There was a lot of hoopla over the Driver Selectable Steering Mode, a steering wheel mounted button that lets you adjust the weight and resistance of the electric power steering. Many of my program participants insisted that the Sport mode (which did feel great) was the only way to go. There is a noticeable difference in weight between Comfort, Normal and Sport, but feedback remains the same no matter what. It’s ultimately a gimmick, though one that makes the driving experience better. It still can’t quite match the Mazda3 in sheer driving pleasure; the steering is just a little bit duller, the chassis slightly less enthusiastic (even though the Hyundai is 150 lbs lighter). But there are other benefits that make the Elantra GT a serious contender.
The Elantra GT is an elegant, mature looking vehicle without being dowdy. The Mazda3 looks absolutely heinous. Despite its many charms, the Mazda’s looks are enough to dissuade me from owning. The interior of the Elantra GT is also a much more pleasant place to be, with higher quality materials and a much more sophisticated design, which also manages to avoid being overly complex. The rear seats fold completely flat like a minivan, and the back seat is more spacious than one would expect. Up and down the mountain pass, with elevations reaching 5000 feet, the Elantra GT could handle whatever was dished out. Mid-corner bumps were absorbed gently without upsetting the car, and the brakes felt consistently strong despite substantial use. It was genuinely a joy to drive, despite being saddled with a gearbox that doesn’t flatter the engine’s modest output. The chassis is the real star of the show here, giving the driver lots of feedback, a high threshold for mistakes and the feeling that you’re going much faster than you really are.
Our tester was the $21, 145 Elantra GT equipped with the Style Package., The extra $2,750 nets you a large panoramic roof, leather seats, a power driver’s seat, 17-inch wheels and interestingly, stiffer rear springs. There were only a couple of base model Elantra GTs available at the event, so it was impossible to tell how much of an effect the Style Package has on handling.
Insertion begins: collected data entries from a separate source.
lemma sum_le_card_exceeding:
  fixes s :: "nat \<Rightarrow> real" and c :: real
  assumes "0 \<le> c" and "\<And>i. i < m \<Longrightarrow> s i \<le> 1"
  shows "(\<Sum>i<m. s i) \<le> real (card {i. i < m \<and> c < s i}) + real m * c"
proof -
  have "(\<Sum>i<m. s i) \<le> (\<Sum>i<m. (if c < s i then 1 else 0) + c)"
  proof (rule sum_mono)
    fix i assume "i \<in> {..<m}"
    then have "s i \<le> 1" using assms(2) by simp
    then show "s i \<le> (if c < s i then 1 else 0) + c" using assms(1) by auto
  qed
  also have "\<dots> = (\<Sum>i<m. if c < s i then 1 else 0) + real m * c"
    by (simp add: sum.distrib)
  also have "(\<Sum>i<m. if c < s i then 1 else 0) = (\<Sum>i\<in>{i\<in>{..<m}. c < s i}. (1::real))"
    by (rule sum.inter_filter[symmetric]) simp
  also have "\<dots> = real (card {i. i < m \<and> c < s i})" by simp
  finally show ?thesis .
qed

section \<open>Thin averages\<close>

definition convex_weights :: "nat set \<Rightarrow> (nat \<Rightarrow> real) \<Rightarrow> bool" where
  "convex_weights F a \<longleftrightarrow> (\<forall>n\<in>F. 0 \<le> a n) \<and> (\<Sum>n\<in>F. a n) = 1"

lemma convex_weights_finite: "convex_weights F a \<Longrightarrow> finite F"
  unfolding convex_weights_def by (metis sum.infinite zero_neq_one)

lemma convex_weights_nonempty: "convex_weights F a \<Longrightarrow> F \<noteq> {}"
  unfolding convex_weights_def by auto

lemma convex_weights_mass:
  assumes "convex_weights F a"
  shows "0 \<le> (\<Sum>n\<in>G \<inter> F. a n)" and "(\<Sum>n\<in>G \<inter> F. a n) \<le> 1"
proof -
  have nonneg: "\<forall>n\<in>F. 0 \<le> a n" and total: "(\<Sum>n\<in>F. a n) = 1"
    using assms unfolding convex_weights_def by auto
  show "0 \<le> (\<Sum>n\<in>G \<inter> F. a n)" using nonneg by (intro sum_nonneg) auto
  show "(\<Sum>n\<in>G \<inter> F. a n) \<le> 1"
    using sum_mono2[OF convex_weights_finite[OF assms], of "G \<inter> F" a] nonneg total by auto
qed

definition thin_average :: "nat set set set \<Rightarrow> real \<Rightarrow> nat set \<Rightarrow> nat set \<Rightarrow> (nat \<Rightarrow> real) \<Rightarrow> bool" where
  "thin_average HH \<epsilon> M F a \<longleftrightarrow>
     F \<subseteq> M \<and> convex_weights F a \<and> (\<forall>H\<in>HH. \<forall>E\<in>H. (\<Sum>n\<in>E \<inter> F. a n) \<le> \<epsilon>)"

definition has_thin_averages :: "cord \<Rightarrow> bool" where
  "has_thin_averages \<beta> \<longleftrightarrow> (\<forall>HH \<epsilon> M.
     finite HH \<and> (\<forall>H\<in>HH. hereditary_cb_le H (omega_pow \<beta>)) \<and> 0 < \<epsilon> \<and> infinite M
       \<longrightarrow> (\<exists>F a. F \<in> schreier \<beta> \<and> thin_average HH \<epsilon> M F a))"

lemma has_thin_averagesI:
  assumes "\<And>HH \<epsilon> M. finite HH \<Longrightarrow> (\<And>H. H \<in> HH \<Longrightarrow> hereditary_cb_le H (omega_pow \<beta>))
    \<Longrightarrow> 0 < \<epsilon> \<Longrightarrow> infinite M \<Longrightarrow> \<exists>F a. F \<in> schreier \<beta> \<and> thin_average HH \<epsilon> M F a"
  shows "has_thin_averages \<beta>"
  using assms unfolding has_thin_averages_def by blast

lemma has_thin_averagesE:
  assumes "has_thin_averages \<beta>" and "finite HH"
    and "\<And>H. H \<in> HH \<Longrightarrow> hereditary_cb_le H (omega_pow \<beta>)" and "0 < \<epsilon>" and "infinite M"
  obtains F a where "F \<in> schreier \<beta>" and "thin_average HH \<epsilon> M F a"
  using assms unfolding has_thin_averages_def by blast

lemma has_thin_averages_OZ: "has_thin_averages OZ"
proof (rule has_thin_averagesI)
  fix HH :: "nat set set set" and \<epsilon> :: real and M :: "nat set"
  assume HH: "\<And>H. H \<in> HH \<Longrightarrow> hereditary_cb_le H (omega_pow OZ)" and \<epsilon>: "0 < \<epsilon>" and M: "infinite M"
  have empty: "E = {}" if "H \<in> HH" "E \<in> H" for H E
  proof (rule ccontr)
    assume "E \<noteq> {}"
    then have "{} \<subset> E" by blast
    moreover have "{} \<in> H"
      using HH[OF that(1)] that(2) unfolding hereditary_cb_le_def hereditary_def by blast
    ultimately have "{} \<in> cb_deriv H" using that(2) unfolding cb_deriv_def by blast
    then show False using HH[OF that(1)] by (simp add: hereditary_cb_le_def)
  qed
  obtain n where n: "n \<in> M \<inter> {1..}"
    using infinite_imp_nonempty[OF infinite_Int_atLeast[OF M, of 1]] by blast
  then have "{n} \<in> schreier OZ" by (auto simp: schreier0_def)
  moreover have "(\<Sum>x\<in>E \<inter> {n}. 1) \<le> \<epsilon>" if "H \<in> HH" "E \<in> H" for H E
    using empty[OF that] \<epsilon> by simp
  then have "thin_average HH \<epsilon> M {n} (\<lambda>_. 1)"
    using n unfolding thin_average_def convex_weights_def by auto
  ultimately show "\<exists>F a. F \<in> schreier OZ \<and> thin_average HH \<epsilon> M F a" by blast
qed
(* Let $G\in\mathfrak{M}$, $\phi=\phi_G$, $\operatorname{Arg}=\operatorname{Arg}_G$ and $E=E^G$. Then $$\operatorname{dom}\operatorname{Arg}\setminus(\operatorname{dom}\nabla\phi\cap\operatorname{udom}\operatorname{Arg})=D\cup E,$$ where $D$ is a countable union of sets belonging to $\mathcal{D}$.
   Context: $c(x,y)=(x_1-y_1)(x_2-y_2)$ for $x,y\in\mathbb{R}^2$. $\mathfrak{M}$: family of maximal monotone sets in $\mathbb{R}^2$ (monotone: $c(r,s)\ge0$ for $r,s\in G$; maximal: not a proper subset of a monotone set). $\phi_G(y)=\inf_{x\in G}c(x,y)\in[-\infty,0]$; $\operatorname{dom}\phi=\{\phi>-\infty\}$ (convex). For $y$ in the interior of $\operatorname{dom}\phi$, $\nabla\phi(y)$ is the classical gradient when it exists; for $y$ in the relative boundary of $\operatorname{dom}\phi$, $\nabla\phi(y)$ exists if $\nabla\phi(y^n)$ converges to a common limit for every sequence $y^n\to y$ of interior points of $\operatorname{dom}\phi$ at which $\phi$ is differentiable; $\operatorname{dom}\nabla\phi$ is the set of $y\in\operatorname{dom}\phi$ where $\nabla\phi(y)$ exists. $\operatorname{Arg}_G(y)=\{x\in G:\phi_G(y)=c(x,y)\}$, $\operatorname{dom}\operatorname{Arg}_G=\{y:\operatorname{Arg}_G(y)\neq\emptyset\}$, $\operatorname{udom}\operatorname{Arg}_G=\{y:\operatorname{Arg}_G(y)\text{ is a singleton}\}$. For $i=1,2$, $t\in\mathbb{R}$: $E^G_i(t)=\{x\in G:x_i=t\}$, $\mathcal{T}^G_i=\{t:E^G_i(t)\text{ has more than one point}\}$, $E^G=\bigcup_{i=1,2}\bigcup_{t\in\mathcal{T}^G_i}E^G_i(t)$. $\mathcal{D}$ is the family of graphs of strictly decreasing functions $h$ defined on closed intervals of $\mathbb{R}$ (possibly a single point, so every singleton of $\mathbb{R}^2$ is in $\mathcal{D}$) such that for some $K>0$, $\frac1K(t-s)\le h(s)-h(t)\le K(t-s)$ for $s<t$. *)

theory Defs
  imports "HOL-Analysis.Analysis"
begin

type_synonym pt = "real \<times> real"

definition cost :: "pt \<Rightarrow> pt \<Rightarrow> real" where
  "cost x y = (fst x - fst y) * (snd x - snd y)"

definition monotone_set :: "pt set \<Rightarrow> bool" where
  "monotone_set G \<longleftrightarrow> (\<forall>r\<in>G. \<forall>s\<in>G. cost r s \<ge> 0)"

definition maximal_monotone :: "pt set \<Rightarrow> bool" where
  "maximal_monotone G \<longleftrightarrow> monotone_set G \<and> \<not> (\<exists>H. monotone_set H \<and> G \<subset> H)"

definition phi :: "pt set \<Rightarrow> pt \<Rightarrow> ereal" where
  "phi G y = (INF x\<in>G. ereal (cost x y))"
Although the Elantra GT was sampled before the Veloster Turbo, not even the extra power and the supposedly sporty nature of the boosted hatch was enough to sway the decision.
It would be foolish to think that the Elantra GT will turn the tide on hatchback sales in the United States, but that doesn’t mean that Hyundai’s offering is any less competitive than the Focus, Mazda3 or even the Volkswagen Golf – which the Czech-built Elantra GT is arguably closest to in terms of overall character.
The Elantra GT wins not just on performance, but by offering an affordable yet mature looking proposition that works anywhere, whether it’s a golf game with someone important, a first date or hauling mountain bikes or skis. There are no extra options, engines or equipment packages needed to extract maximum fuel economy, and even though it’s a great value, you never feel like you’ve compromised on your vehicle due to your budget restrictions. The sedan and coupe versions should be this good.
N.B. our tester was black and the photos came out quite poorly. Hence the use of press photos.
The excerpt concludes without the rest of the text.